Gemini Therapeutics, a biotech company with a focus on precision medicine for ocular and renal disease, started trading last month on the Nasdaq Global Market (GMTX), becoming one of the latest life sciences companies to merge with a special purpose acquisition company (SPAC), which are all over Wall Street these days.
SPACInsider reports that last year SPACs raised about $83 billion in gross proceeds – way up from the $13.6 billion they raised in 2019. SPACs aren’t new, but they have become more popular in recent years, particularly in healthcare, a space in which the number of SPAC deals climbed from two in 2019 to 22 in 2020, reports Matt Wolf of The Real Economy Blog.
What’s a SPAC?
A SPAC is formed specifically to raise capital through an initial public offering for the purpose of acquiring an existing company. Investors typically have an interest in a particular sector, but they don’t know what they’ll be investing in. Funds raised can’t be disbursed except to complete an acquisition or to return the money to investors if the SPAC doesn’t complete a deal in two years.
While SPACs have advantages for smaller companies, including a higher sale price, SPAC deals aren’t all small potatoes. Virgin Galactic merged with a SPAC in 2019 in a deal valued at $800 million.
The Gemini SPAC Merger
Gemini merged with FS Development Corp. (FSDC), a SPAC sponsored by Foresite Capital. Gemini raised about $216 million through a combination of funds held by FSDC and private investment in public equity (PIPE). In January Foresite announced that it had raised $969 million in a new fund for healthcare start-ups.
Gemini CEO Jason Meyenburg, MBA, said the merger allowed the company to enter the public market despite uncertainty. Would the biotech market stay hot? How will the market change under the current administration? The cachet of Foresite Capital made FSDC a natural choice.
“We immediately saw their interest in our story,” Meyenburg said. “They brought in savvy healthcare investors that we would have targeted for an IPO anyway. Foresite was an A-list SPAC in our book.”
Allure of Gemini’s Pipeline
Gemini’s pipeline made it an attractive target for Foresite. Funds from the merger will allow Gemini to advance its lead program, GEM103, a candidate for dry age-related macular degeneration (AMD).
GEM103, which received Fast Track designation from the Food and Drug Administration in January, is a recombinant protein aimed to treat a subset of dry AMD patients with a complement factor H (CFH) gene mutation. About 40% of dry AMD patients have this genetic variant, which is linked to progression from early- to late-stage geographic atrophy.

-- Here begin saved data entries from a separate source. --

(* A window of five consecutive columns is read as a vertex set of C_m x C_5: the neighbour lists
   of its middle column do not wrap around, so they agree with those in any longer torus. *)

definition middle_dominated :: "nat \<Rightarrow> nat list list \<Rightarrow> bool" where
  "middle_dominated m W \<longleftrightarrow> (\<forall>i<m. (i, 2) \<notin> column_set m W \<longrightarrow>
     1 \<le> hits (column_set m W) (torus_nbrs m 5 (i, 2)) \<or>
     2 \<le> hits (column_set m W) (torus_nbrs2 m 5 (i, 2)))"

lemma hits_map: "hits S (map f xs) = hits (f -` S) xs"
  by (simp add: hits_def comp_def)

lemma hits_cong: "(\<And>x. x \<in> set xs \<Longrightarrow> x \<in> S \<longleftrightarrow> x \<in> T) \<Longrightarrow> hits S xs = hits T xs"
  unfolding hits_def by (rule arg_cong[where f = sum_list], rule map_cong) auto

lemma mem_column_set_window:
  "cols \<noteq> [] \<Longrightarrow> k < 5 \<Longrightarrow>
    (x, k) \<in> column_set m (cyclic_window cols s) \<longleftrightarrow> (x, (s + k) mod length cols) \<in> column_set m cols"
  by (simp add: mem_column_set cyclic_window_def)

lemma torus_nbrs_window:
  assumes "0 < n"
  shows "torus_nbrs m n (i, (s + 2) mod n) = map (apsnd (\<lambda>k. (s + k) mod n)) (torus_nbrs m 5 (i, 2))"
    "torus_nbrs2 m n (i, (s + 2) mod n) = map (apsnd (\<lambda>k. (s + k) mod n)) (torus_nbrs2 m 5 (i, 2))"
proof -
  note cyc_window_indices[OF assms]
  moreover have "cyc_succ 5 2 = 3" "cyc_succ 5 3 = 4" "cyc_pred 5 2 = 1" "cyc_pred 5 1 = 0"
    by (simp_all add: cyc_succ_def cyc_pred_def)
  ultimately show "torus_nbrs m n (i, (s + 2) mod n) = map (apsnd (\<lambda>k. (s + k) mod n)) (torus_nbrs m 5 (i, 2))"
    "torus_nbrs2 m n (i, (s + 2) mod n) = map (apsnd (\<lambda>k. (s + k) mod n)) (torus_nbrs2 m 5 (i, 2))"
    by simp_all
qed

lemma hits_column_set_window:
  assumes "cols \<noteq> []" "set xs \<subseteq> UNIV \<times> {..<5}"
  shows "hits (column_set m cols) (map (apsnd (\<lambda>k. (s + k) mod length cols)) xs)
    = hits (column_set m (cyclic_window cols s)) xs"
  unfolding hits_map using assms by (intro hits_cong) (auto simp: mem_column_set_window)

lemma column_set_disj_dom:
  assumes "5 \<le> m" "5 \<le> length cols"
    and windows: "\<And>s. s < length cols \<Longrightarrow> middle_dominated m (cyclic_window cols s)"
  shows "disj_dom_set (torus_adj m (length cols)) (torus_V m (length cols)) (column_set m cols)"
  unfolding disj_dom_set_torus_iff[OF assms(1,2)]
proof (intro conjI column_set_subset ballI)
  fix v assume v: "v \<in> torus_V m (length cols) - column_set m cols"
  define n where "n = length cols"
  obtain i j where [simp]: "v = (i, j)" and "i < m" "j < n"
    using v by (auto simp: torus_V_def n_def)
  define s where "s = (j + n - 2) mod n"
  have "cols \<noteq> []"
    using assms(2) by auto
  have "j + n - 2 + 2 = j + n"
    using assms(2) by (simp add: n_def)
  then have j: "(s + 2) mod n = j"
    unfolding s_def mod_add_left_eq using \<open>j < n\<close> by simp
  let ?W = "cyclic_window cols s"
  have "(i, 2) \<notin> column_set m ?W"
    using v mem_column_set_window[OF \<open>cols \<noteq> []\<close>, of 2 i m s] j by (simp add: n_def)
  then have "1 \<le> hits (column_set m ?W) (torus_nbrs m 5 (i, 2)) \<or>
      2 \<le> hits (column_set m ?W) (torus_nbrs2 m 5 (i, 2))"
    using windows[of s] \<open>i < m\<close> \<open>cols \<noteq> []\<close>
    unfolding middle_dominated_def s_def n_def by simp
  moreover have "set (torus_nbrs m 5 (i, 2)) \<subseteq> UNIV \<times> {..<5}"
    "set (torus_nbrs2 m 5 (i, 2)) \<subseteq> UNIV \<times> {..<5}"
    by (auto simp: cyc_succ_def cyc_pred_def)
  ultimately show "1 \<le> hits (column_set m cols) (torus_nbrs m (length cols) v) \<or>
      2 \<le> hits (column_set m cols) (torus_nbrs2 m (length cols) v)"
    using \<open>cols \<noteq> []\<close> torus_nbrs_window[of n m i s] j
    by (simp del: torus_nbrs.simps torus_nbrs2.simps add: n_def hits_column_set_window)
qed

lemma nth_concat_replicate:
  "i < q * length xs \<Longrightarrow> concat (replicate q xs) ! i = xs ! (i mod length xs)"
proof (induction q arbitrary: i)
  case (Suc q)
  show ?case
  proof (cases "i < length xs")
    case False
    then have "concat (replicate q xs) ! (i - length xs) = xs ! ((i - length xs) mod length xs)"
      using Suc by (intro Suc.IH) auto
    with False show ?thesis
      by (simp add: nth_append le_mod_geq)
  qed (simp add: nth_append)
qed simp

lemma sum_list_concat_replicate:
  fixes f :: "'a \<Rightarrow> nat"
  shows "(\<Sum>x\<leftarrow>concat (replicate q xs). f x) = q * (\<Sum>x\<leftarrow>xs. f x)"
  by (induction q) auto

definition periodic_column :: "'a list \<Rightarrow> 'a list \<Rightarrow> nat \<Rightarrow> 'a" where
  "periodic_column B P i = (if i < length B then B ! i else P ! ((i - length B) mod length P))"

lemma nth_append_concat_replicate:
  "i < length B + r * length P \<Longrightarrow> (B @ concat (replicate r P)) ! i = periodic_column B P i"
  using nth_concat_replicate[of "i - length B" r P] by (auto simp: periodic_column_def nth_append)

lemma cyclic_window_append_concat_replicate:
  assumes "0 < length B + r * length P"
  shows "cyclic_window (B @ concat (replicate r P)) t
    = map (\<lambda>k. periodic_column B P ((t + k) mod (length B + r * length P))) [0..<5]"
proof -
  have "length (B @ concat (replicate r P)) = length B + r * length P"
    by (simp add: length_concat sum_list_replicate)
  then show ?thesis
    using assms unfolding cyclic_window_def by (auto intro!: nth_append_concat_replicate)
qed

lemma periodic_column_add_period:
  assumes "length B \<le> i"
  shows "periodic_column B P (i + r * length P) = periodic_column B P i"
proof -
  have eq: "i + r * length P - length B = (i - length B) + r * length P"
    using assms by simp
  show ?thesis
    unfolding periodic_column_def eq mod_mult_self1 using assms by simp
qed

The mutation leads to the exaggerated immune response present in AMD. GEM103 augments CFH activity by inhibiting its negative effects (immune response) while keeping its beneficial effects, which include clearing cell debris and repairing oxidative damage.
“Historically, we treat AMD with anti-VEGF inhibitors,” said Meyenburg. “They inhibit CFH but don’t bring you back to homeostasis.” GEM103 would restore that stability.
Phase IIa Trial
Gemini recently completed enrollment in the Phase IIa ReGAtta study, a dose-escalation study of GEM103. The study will investigate safety and tolerability, explore ocular biomarkers, and measure retinal anatomy and function. Meyenburg said the company expects to have top-line data in Q2.
Also in early February, Gemini announced enrollment in a Phase IIa trial in wet AMD to investigate GEM103 as an add-on to anti-VEGF therapy in patients at risk for progressive vision loss due to geographic atrophy. The therapy may slow the atrophy so patients can continue with their anti-VEGF treatments.